A key theme that resonated with me in these essays was the emphasis on being open to new ideas.  In Galileo, Salviati mentions, “…a strong desire to maintain old errors, rather than accept newly discovered truths,” in referring to when one gets proven to have fallacies in one’s theory.  As a class last week, we demonstrated our flexibilities to fallacies.  By going with Lehrer’s idea for open design, we were only guided by two questions: how do you know if the ball is accelerating and how do you prove to someone that the ball is accelerating.  Our mini-groups decided how to use our materials, how to set up our experiment, as well as what hypothesis we would need to prove.  My particular group immediately agreed upon a hypothesis, but riffed off each other for how we should set up our experiment.  After we all finished our experiments, the mini-groups explained each of their processes. 

          The differences seen in every group’s process were enlightening as to see what an educator will go through as he/she is teaching any class that needs a question answered.  This demonstration gave me a deeper understanding of what Lehrer means by, “…materiality is often obscured by providing students with questions to answer, apparatus, and prescribed routines, exemplified by labs. Students are seldom asked to struggle with the material problem of developing conditions or instruments for investigation.”  The “struggle” was the ultimate factor in developing our scientific models.   Hazen notes, “deepest things are often the simplest,” and this idea resonated in our class experiment, with the use of timers and intervals, as it did for the jar ecosystem experiment Lehrer discusses in his paper.  The students’ use of peer reviews helped each other realize some easy solutions or answers as to why their ecosystem was failing and how they could improve it.  This type of discourse helps scientists build upon each other’s ideas and improve their scientific models, like in the students’ cases, how an ecosystem functions.  I really enjoyed how Hazen points out that most well known scientists have used this very reasoning to solidify their own models.  Newton riffed off Galileo and Kepler, Einstein riffed off those three, and eventually we will have a future scientist to riff off all four of these scientists to come up with a final unified field theory about gravity and relativity.  To me, that is amazing, and honestly gives me goosebumps!


  1. I think that it is interesting that you think of the "riffing" of ideas as positive. It made me question my negative thoughts of "riffing" because it is often associated with plagiarism. However, "riffing" ideas is simply borrowing ideas that we believe to be true and building off of those ideas. That is learning! Learning is creating new ideas and ways of understanding concepts based on previously accepted truths or notions. We come to these truths through our interaction with the world and with other people. We rely on other people to create a base of our knowledge and use this knowledge to acquire and explain more difficult concepts. Science must be taught in this way. Students must communicate with peers to bounce ideas off of each other and bring multiple perspectives to the investigation. Cooperation is vital within the scientific profession as well as within the real world, therefore science in the classroom should be taught with this highly emphasized.
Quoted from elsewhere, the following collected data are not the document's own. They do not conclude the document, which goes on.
(* Let $\mathcal H=\mathbb C^d$ with orthonormal basis $\{|k\rangle\}_{k=1}^d$. A quantum channel $\mathcal M$ on $M_d(\mathbb C)$ is multiphase covariant if and only if it admits a representation $$\mathcal M(\rho)=\sum_{i=1}^r M_i\rho M_i^\dagger+\sum_{k=1}^d\sum_{j\neq k}p(j|k)\,|j\rangle\langle k|\rho|k\rangle\langle j|,$$ where each $M_i$ is diagonal in the basis $\{|k\rangle\}$ and each $p(j|k)\ge0$.
   Context: For $\boldsymbol\theta\in[0,2\pi)^d$ let $U_{\boldsymbol\theta}=\sum_k e^{i\theta_k}|k\rangle\langle k|$ and $\mathcal U_{\boldsymbol\theta}=U_{\boldsymbol\theta}\cdot U_{\boldsymbol\theta}^\dagger$. A quantum channel $\mathcal M$ is multiphase covariant if $\mathcal U_{\boldsymbol\theta}\circ\mathcal M=\mathcal M\circ\mathcal U_{\boldsymbol\theta}$ for all $\boldsymbol\theta$. *)

theory Defs
  imports "Jordan_Normal_Form.Matrix" Complex_Main
begin

text \<open>Matrices in M_d(C) are complex d x d matrices (carrier_mat d d); the
basis vector |k> corresponds to index k (0-based, k < d).\<close>

definition dag :: "complex mat \<Rightarrow> complex mat" where
  "dag A = mat (dim_col A) (dim_row A) (\<lambda>(i,j). cnj (A $$ (j,i)))"

definition mtrace :: "complex mat \<Rightarrow> complex" where
  "mtrace A = (\<Sum>i<dim_row A. A $$ (i,i))"

definition msum :: "nat \<Rightarrow> ('i \<Rightarrow> complex mat) \<Rightarrow> 'i set \<Rightarrow> complex mat" where
  "msum d f I = mat d d (\<lambda>(a,b). \<Sum>x\<in>I. f x $$ (a,b))"

definition ketbra :: "nat \<Rightarrow> nat \<Rightarrow> nat \<Rightarrow> complex mat" where
  "ketbra d j k = mat d d (\<lambda>(a,b). if a = j \<and> b = k then 1 else 0)"

definition psd :: "nat \<Rightarrow> complex mat \<Rightarrow> bool" where
  "psd n A \<longleftrightarrow> A \<in> carrier_mat n n \<and>
     (\<forall>v :: nat \<Rightarrow> complex. let q = (\<Sum>i<n. \<Sum>j<n. cnj (v i) * A $$ (i,j) * v j)
        in Im q = 0 \<and> Re q \<ge> 0)"

text \<open>id_n \<otimes> \<Phi> acting on an (n d) x (n d) block matrix with d x d blocks.\<close>
definition ampl :: "nat \<Rightarrow> nat \<Rightarrow> (complex mat \<Rightarrow> complex mat) \<Rightarrow> complex mat \<Rightarrow> complex mat" where
  "ampl n d \<Phi> X = mat (n*d) (n*d) (\<lambda>(r,c).
      \<Phi> (mat d d (\<lambda>(i,j). X $$ ((r div d)*d + i, (c div d)*d + j))) $$ (r mod d, c mod d))"

definition linear_map :: "nat \<Rightarrow> (complex mat \<Rightarrow> complex mat) \<Rightarrow> bool" where
  "linear_map d \<Phi> \<longleftrightarrow>
     (\<forall>A\<in>carrier_mat d d. \<forall>B\<in>carrier_mat d d. \<Phi> (A + B) = \<Phi> A + \<Phi> B) \<and>
     (\<forall>A\<in>carrier_mat d d. \<forall>c::complex. \<Phi> (c \<cdot>\<^sub>m A) = c \<cdot>\<^sub>m \<Phi> A)"

definition completely_positive :: "nat \<Rightarrow> (complex mat \<Rightarrow> complex mat) \<Rightarrow> bool" where
  "completely_positive d \<Phi> \<longleftrightarrow>
     (\<forall>n>0. \<forall>X. psd (n*d) X \<longrightarrow> psd (n*d) (ampl n d \<Phi> X))"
  2. I like your identification of openness to new ideas as a theme. I had not thought explicitly about the importance of failure and revision with regard to these readings, but now that you mention it, it really is incredibly important to learning and knowing in science. I think that, as a teacher, one of the most important examples I can set for students is being open to failure, excited about learning from it and about correcting it, and explicit about the process of encountering and searching for solutions to problems without becoming frustrated or discouraged. I think that I would often benefit from taking this a little further and applying it to teaching itself, and not just scientific practice; for me, the important thing to keep in mind is not to be perfect, but to be learning.

  3. The concept of the "struggle" also resonated with me as an opportunity for students to break down systems and think independently. Experimentation and model building is something that I hope to incorporate into my future classroom and I am interested to see how everyone plans to implement this theory of suggestive model building. As a teacher, you are familiar with the material and thus able to understand or deduce potential relationships within a system (or that you will need a timer, etc), but students who are just coming to a topic may have a harder time drawing the necessary conclusions for creation of successive models. I guess my question for you all is- how do you recognize and differentiate productive struggle from inhibitive struggle?